OhLook wrote in post #17074171
A marginally relevant confession: I'm realizing, shamefully late in life, that most people's main interest is people. That explains the popularity of small talk over the substantive conversations that would engage me more. It explains why the "How are you?" and "Happy birthday" rituals persist. Let me hear something original! Then we can really talk.
"Nice shot" has a purpose when it encourages a beginner, but once you're past the stage of doubting whether you can do anything
worthwhile with a camera, wouldn't you want to hear something more specific that addressed your strong and weak points?
Lucky for you that Erik violated the etiquette of the Photo Sharing section!
I'm not very good at small talk either, OhLook, but find forums such as these not really the place to be for a good, in depth conversation. Those I have with my friends when we're together. The interesting conversations I did have here at POTN over the years, most always ended up being a mess because with a serious subject matter comes serious and passionate opinions and to complicate matters, many see such a conversation as a pissing contest and they just want to win the argument. So I have learned to stay away from such conversations, unless something that I really care about catches my eye and I can not be silent on the subject.

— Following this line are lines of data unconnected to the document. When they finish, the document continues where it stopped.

theorem mainTheorem10:
  fixes As :: "('p, 'f, 'v) atm list" and D :: "('p, 'f, 'v) atm list"
    and Bs :: "('p, 'f, 'v) atm list" and Ds :: "('p, 'f, 'v) clause list"
    and \<sigma> :: "('f, 'v) subst"
  defines "M \<equiv> map (Lit False) As @ map (Lit True) D"
  defines "Cs \<equiv> map (\<lambda>i. Lit True (Bs ! i) # Ds ! i) [0..<length As]"
  assumes lenB: "length Bs = length As" and lenD: "length Ds = length As"
    and flatM: "flat_clause M"
    and lg: "\<forall>i < length As. loosely_guarded (Cs ! i)"
    and disj: "\<forall>i < Suc (length As). \<forall>j < Suc (length As). i \<noteq> j \<longrightarrow>
                 cvars ((M # Cs) ! i) \<inter> cvars ((M # Cs) ! j) = {}"
    and gc: "\<forall>i < length As. ground_clause (Cs ! i) \<or>
                 (\<exists>t \<in> atm_terms (Bs ! i). is_compound t)"
    and mgu: "simul_mgu \<sigma> Bs As"
  shows "(\<forall>i < length As. (\<exists>x \<in> avars (As ! i). top_var \<sigma> As x) \<longrightarrow>
            (\<forall>k < length (args (As ! i)). \<forall>x.
               args (As ! i) ! k = Var x \<longrightarrow>
               (top_var \<sigma> As x \<longrightarrow> is_const (args (Bs ! i) ! k) \<or> is_compound (args (Bs ! i) ! k)) \<and>
               (\<not> top_var \<sigma> As x \<longrightarrow> is_const (args (Bs ! i) ! k) \<or> is_var (args (Bs ! i) ! k))))
       \<and> ((\<exists>i < length As. \<exists>k < length (args (As ! i)). \<exists>x.
              args (As ! i) ! k = Var x \<and> top_var \<sigma> As x \<and> is_const (args (Bs ! i) ! k))
          \<longrightarrow> (\<forall>y \<in> (\<Union>A \<in> set As. avars A). top_var \<sigma> As y \<and> is_const (\<sigma> y)))"
proof -
  have pair: "unified_pair (As ! i) (Bs ! i) (Cs ! i) \<sigma>" if i: "i < length As" for i
  proof
    have "Lit False (As ! i) \<in> set M" using i unfolding M_def by simp
    with flatM show "\<forall>t \<in> set (args (As ! i)). is_var t \<or> is_const t"
      unfolding flat_clause_def flat_lit_def by fastforce
    show "Lit True (Bs ! i) \<in> set (Cs ! i)" using i unfolding Cs_def by simp
    show "simple_clause (Cs ! i)" "covering (Cs ! i)"
      using lg i unfolding loosely_guarded_def by auto
    show "ground_clause (Cs ! i) \<or> (\<exists>t \<in> atm_terms (Bs ! i). is_compound t)" using gc i by blast
    show "asubst (Bs ! i) \<sigma> = asubst (As ! i) \<sigma>"
      using mgu i unfolding simul_mgu_def simul_unifier_def by blast
  qed
  show ?thesis (is "?matching \<and> (?top_const \<longrightarrow> ?all_top_const)")
  proof (intro conjI impI)
    show ?matching using unified_pair.top_var_matching[OF pair] by (metis nth_mem)
  next
    assume ?top_const
    then obtain i k x where i: "i < length As" and k: "k < length (args (As ! i))"
      and x: "args (As ! i) ! k = Var x" "top_var \<sigma> As x" and c: "is_const (args (Bs ! i) ! k)"
      by blast
    have "\<sigma> x = tsubst (args (Bs ! i) ! k) \<sigma>"
      using unified_pair.arg_unifies[OF pair[OF i] k] x(1) by simp
    with c have "dep (\<sigma> x) = 0" unfolding is_const_def by auto
    then show ?all_top_const using top_var_dep_zero_imp_all_const[OF pair x(2)] by blast
  qed
qed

To answer your question: I could be wrong but it seems to me that an advanced photographer should know her strong and weak points, methinks, or she is not advanced. With my bird photography I know my strong points and I know my weak points and I take them both as is and don't care much about what other people have to say about it because this is as good as I can be at it. Having my weak points in my bird shots explained to me is pointless to me because certain limitations, specifically those related to my health or lack thereof, make it impossible to improve on those weak points. I have accepted that. So no, I'm not looking for any criticism on my bird shots. If you like them: fine. If not: move on. Either way is fine with me. And should I want an opinion, I will ask for it.
Like I did here, with this light painting stuff. This and product photography are new types of photography for me and I know nothing of it yet and I most certainly don't know if I have strong points as all I see at the moment are weak points. So for this, yes, I do like some feedback. And if you go back to my OP, you can see that I asked for pointers and some help.
I don't know if you were being sarcastic there, OhLook, but the thing is that there is no etiquette. It's just that if you've been around these forums awhile you will learn that unsolicited criticism in the image sharing section is usually not appreciated and people will often be offended and angry. And so, Erik did not violate any "etiquette" but simply responded to my request for help, is all.